Cameron Gaut, aka “Modcam”, hails from Portland, OR, a city known as being a part of the “silicon forest“, the home of Intel microprocessors. Born in 1985, he grew up in a tech-savvy home during the early days of the Internet: when music from around the world became instantly accessible to anybody with a computer modem and a dial-up connection. The internet helped introduce Cameron to a diverse range of musical influences, which he has incorporated into his music today. From the blues and jazz, to psychedelic trance, dub, and chill-out sounds of Shpongle and Ott, to the ineffable beauty of Indian classical music, Cameron’s musical influences have known no bounds.
Growing up with a father whose one condition of helping him buy an electronic drum kit was that he played blues music, he learned to appreciate raw simplicity and humanity in music. After moving off to college, his first electronic music creations were a byproduct of his new dorm life: living in a small shared room with nothing but a laptop and a cheap midi keyboard. After years of producing, DJing in chill-out rooms, experimenting with psychedelics, and recording friends, his time as a college kid was over. His college graduation ceremony included the dean of Philosophy announcing Cameron’s post-graduate goal: producing his first full-length electronic music album. Within the next 9 months, he completed his first album: Six Minute City. The album was created with the idea that beneath the wires is a connection to the earth, that there is a parallel relationship between the digital and the analog worlds — the organic and the synthetic intertwining to make something greater.
Over the next decade, Cameron gave up on producing much new music. He realized that he didn’t want to be the bedroom producer who could program a synthesizer and create music by clicking a mouse, but who couldn’t perform live on a real physical instrument like guitar or flute. So, he began to study flute to embark on a journey that has spanned over 15 years. Today, Cameron is not only skilled electronic music producer, he’s also a fluent and adept study in raga music on his bansuri flute: a mellifluous bamboo instrument originating from the Indian subcontinent; Its purity of tone and intoxicating melodies inducing trance states, shifting one into the parasympathetic nervous system and inspiring vivid visions in the imagination.

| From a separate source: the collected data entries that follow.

lemma mem_shapes: "p \<in> shapes n"
proof -
  consider "pos_max = 0" | "pos_max = 1" | "pos_max = 2" | "pos_max \<ge> 3" by linarith
  then show ?thesis
  proof cases
    case 1
    then show ?thesis using pos_max_0 unfolding shapes_def by simp
  next
    case 2
    then show ?thesis using pos_max_1 pos_max_le unfolding shapes_def by simp
  next
    case 3
    then show ?thesis using pos_max_2 unfolding shapes_def by auto
  next
    case 4
    then show ?thesis using pos_max_ge_3 unfolding shapes_def by auto
  qed
qed

end

lemma max_not_last_eq_shapes:
  assumes "n \<ge> 2"
  shows "max_not_last n = shapes n"
proof
  show "max_not_last n \<subseteq> shapes n"
    using max_not_last_perm.mem_shapes assms unfolding max_not_last_perm_def by blast
  show "shapes n \<subseteq> max_not_last n"
    using assms max_first_mem max_second_mem max_third_mem max_late_mem unfolding shapes_def by auto
qed
lemma beta_sum_r_squared:
  assumes "r 0 \<noteq> 0"
  shows "\<beta> * (\<Sum>j<n. real_of_int (r j) * r j) = \<gamma> * n * Re \<alpha>"
proof -
  have n0: "0 < n" using two_le_n by simp
  have "(\<Sum>j<n. T 0 j * r j) = (\<Sum>j<n. \<Sum>k<n. S 0 k * (S k j * r j))"
    by (simp add: T_def sum_distrib_right mult.assoc)
  also have "\<dots> = (\<Sum>k<n. \<Sum>j<n. S 0 k * (S k j * r j))"
    by (rule sum.swap)
  also have "\<dots> = (\<Sum>k<n. S 0 k * (\<Sum>j<n. T k j))"
    by (simp add: sum_T_row sum_distrib_left mult.assoc)
  finally have "(\<Sum>j<n. real_of_int (T 0 j) * r j) = (\<Sum>k<n. of_int (S 0 k) * (\<Sum>j<n. real_of_int (T k j)))"
    by (metis (no_types, lifting) of_int_mult of_int_sum sum.cong)
  also have "\<dots> = (\<Sum>k<n. of_int (S 0 k) * (- \<gamma> * (1 - Re \<alpha> + n * Re \<alpha>)))"
    by (intro sum.cong) (simp_all add: sum_T_row_relation)
  also have "\<dots> = - \<gamma> * (1 - Re \<alpha> + n * Re \<alpha>) * r 0"
    by (simp add: r_def sum_distrib_right mult.commute sum_negf)
  finally have Tr: "(\<Sum>j<n. real_of_int (T 0 j) * r j) = - \<gamma> * (1 - Re \<alpha> + n * Re \<alpha>) * r 0" .
  have "(\<Sum>j<n. P 0 j * r j) = (\<Sum>j<n. Re \<alpha> * r j + (if 0 = j then (1 - Re \<alpha>) * r j else 0))"
    by (intro sum.cong refl) (auto simp: P_def algebra_simps)
  also have "\<dots> = Re \<alpha> * of_int (\<Sum>j<n. r j) + (1 - Re \<alpha>) * r 0"
    using n0 by (simp add: sum.distrib sum_distrib_left)
  finally have Pr: "(\<Sum>j<n. P 0 j * r j) = (1 - Re \<alpha>) * r 0" using sum_r_eq_0 by simp
  have "(\<Sum>j<n. (of_int (T 0 j) + \<beta> * r 0 * r j) * r j) = (\<Sum>j<n. (- \<gamma> * P 0 j) * r j)"
    using relation n0 by (intro sum.cong) auto
  then have "(\<Sum>j<n. real_of_int (T 0 j) * r j) + \<beta> * r 0 * (\<Sum>j<n. real_of_int (r j) * r j)
      = - \<gamma> * (\<Sum>j<n. P 0 j * r j)"
    by (simp add: sum.distrib distrib_right sum_distrib_left mult.assoc)
  then have "r 0 * (\<beta> * (\<Sum>j<n. real_of_int (r j) * r j) - \<gamma> * n * Re \<alpha>) = 0"
    unfolding Tr Pr by (simp add: algebra_simps)
  then show ?thesis using assms by simp
qed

Beginning in spring 2021, Cameron was inspired to join an online music production course from Ben Last, aka Temple Step — on the psychoacoustics of sound. It was there when he was introduced to the music of Tashka Urban. Her chakra-themed “Red Album” had inspired him with its unique ethereal vocals and wide palette of sounds and effects. He reached out about collaborating and she sent him a stem pack for the album. Track by track, Cameron remixed all but one track. Then both he and Tashka took a long hiatus from the project, until summer 2022 when Cameron was inspired to finish the project at last.